The board plans to invite former landowners and a few key people to offer testimony and plead their case.
Kelly said they had a previous meeting with the officials of Fish and Wildlife in December 2009We had a very high level meeting in D.C., in December 2009 and meet with Fish and Wildlife.
“Congressmen Kingston was there, Congressman Lewis and then representatives from Conyers, Barrow and Cliburn,” Kelly said recalling the attendees.
He said the regional director of Fish and Wildlife, Cynthia Dohner was also there.
“We had a meeting and everybody agreed to find what Kingston referred to as an equitable solution to Harris Neck,” Kelly said. “Three months later in March almost all the same people met again in Hardeeville at the Savannah Refuge Headquarters and in that meeting it was totally different. Fish and Wildlife made it that clear. They said if you introduce a bill that calls for the return of title to the community it will be dead on arrival. And then they also said we will not support any effort that results in the return of the land to the community.”
Kelly said the sudden turnaround has left a bitter taste in the board’s mouth.
“We all feel that they have not been honest with us,” Kelly said. “We made it clear to Mr. Kingston last month that we are no longer going to be reaching out to Fish and Wildlife to try and get their support because they have made it clear that they are not, so now we are just working with Congress.”
Chris Crawford, Jack Kingston’s Press Secretary said Kingston has worked tirelessly towards an equitable resolution for both sides.

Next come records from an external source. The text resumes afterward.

(* Let $n\geqslant 2$, $k\in\{1,2,\dots,2^n-1\}$ and let $\ket{\psi}$ be an $n$-qubit state with $\braket{i}{\psi}=0$ for $i\in\{0,\dots,k-1\}$. There exists a unitary $G_k$ on $n$ qubits with $G_k\ket{i}_n=e^{\mathrm i\varphi_i}\ket{i}_n$ for $i\in\{0,\dots,k-1\}$ and $G_k\ket{\psi}=e^{\mathrm i\varphi_k}\ket{k}_n$ ($\varphi_i\in\mathbb R$) which can be decomposed into single-qubit and C-NOT gates using at most $(2^n-n-1)+Q^k(n)N_{C_{n-1}(U)}$ C-NOT gates, where $Q^k(n)=|\{s\in\{0,\dots,n-1\}: k_s=0\text{ and }b^k_{s+1}\neq 0\}|$.
   Context: Computational basis of $n$ qubits: $\ket{b_{n-1}\dots b_0}=:\ket{\sum_ib_i2^i}_n$. $k_i$ are the binary digits of $k$, and $b^k_{s}=k \bmod 2^{s}$. $N_{C_{n-1}(U)}$ denotes a number of C-NOT gates sufficient to decompose any $(n-1)$-controlled single-qubit gate on $n$ qubits (applying a single-qubit unitary to one target qubit iff the other $n-1$ qubits are in a prescribed computational basis state, identity otherwise) into single-qubit and C-NOT gates. *)

theory Defs
  imports Complex_Main "Jordan_Normal_Form.Matrix" "Jordan_Normal_Form.Schur_Decomposition"
begin

(* Computational basis of n qubits: |b_{n-1} ... b_0> = |sum_i b_i 2^i>_n.
   Qubit q therefore corresponds to bit q of the basis index. *)

definition qbit :: "nat \<Rightarrow> nat \<Rightarrow> nat" where
  "qbit i q = i div 2 ^ q mod 2"

definition unitary2 :: "complex mat \<Rightarrow> bool" where
  "unitary2 U \<longleftrightarrow> U \<in> carrier_mat 2 2 \<and> mat_adjoint U * U = 1\<^sub>m 2"

(* elementary gates: single-qubit gate U on target qubit t; C-NOT with control c, target t *)
datatype gate = Single nat "complex mat" | CNOT nat nat

fun wf_gate :: "nat \<Rightarrow> gate \<Rightarrow> bool" where
  "wf_gate n (Single t U) \<longleftrightarrow> t < n \<and> unitary2 U"
| "wf_gate n (CNOT c t) \<longleftrightarrow> c < n \<and> t < n \<and> c \<noteq> t"

definition flip :: "nat \<Rightarrow> nat \<Rightarrow> nat" where
  "flip t j = (if qbit j t = 1 then j - 2 ^ t else j + 2 ^ t)"

fun gate_mat :: "nat \<Rightarrow> gate \<Rightarrow> complex mat" where
  "gate_mat n (Single t U) = mat (2 ^ n) (2 ^ n)
      (\<lambda>(i, j). if (\<forall>q. q \<noteq> t \<longrightarrow> qbit i q = qbit j q) then U $$ (qbit i t, qbit j t) else 0)"
| "gate_mat n (CNOT c t) = mat (2 ^ n) (2 ^ n)
      (\<lambda>(i, j). if i = (if qbit j c = 1 then flip t j else j) then 1 else 0)"

(* a circuit is a list of gates, applied from the head of the list onwards *)
type_synonym circuit = "gate list"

“People in are district feel that they were wronged and we are trying to work with our constituents on it,” Crawford said. “Our main focus has been in trying to bring everyone together and get everyone on the same page and try and get some meaningful discussion and see what we can do to resolve the differences and try to resolve this issue. Right now where we are is we are trying to get a hearing with the natural resources committee to give everybody a chance to make their case and get some more attention on this up here in Washington. I think the biggest obstacle right now is getting everybody on the same page and getting everybody to the table for the discussions.”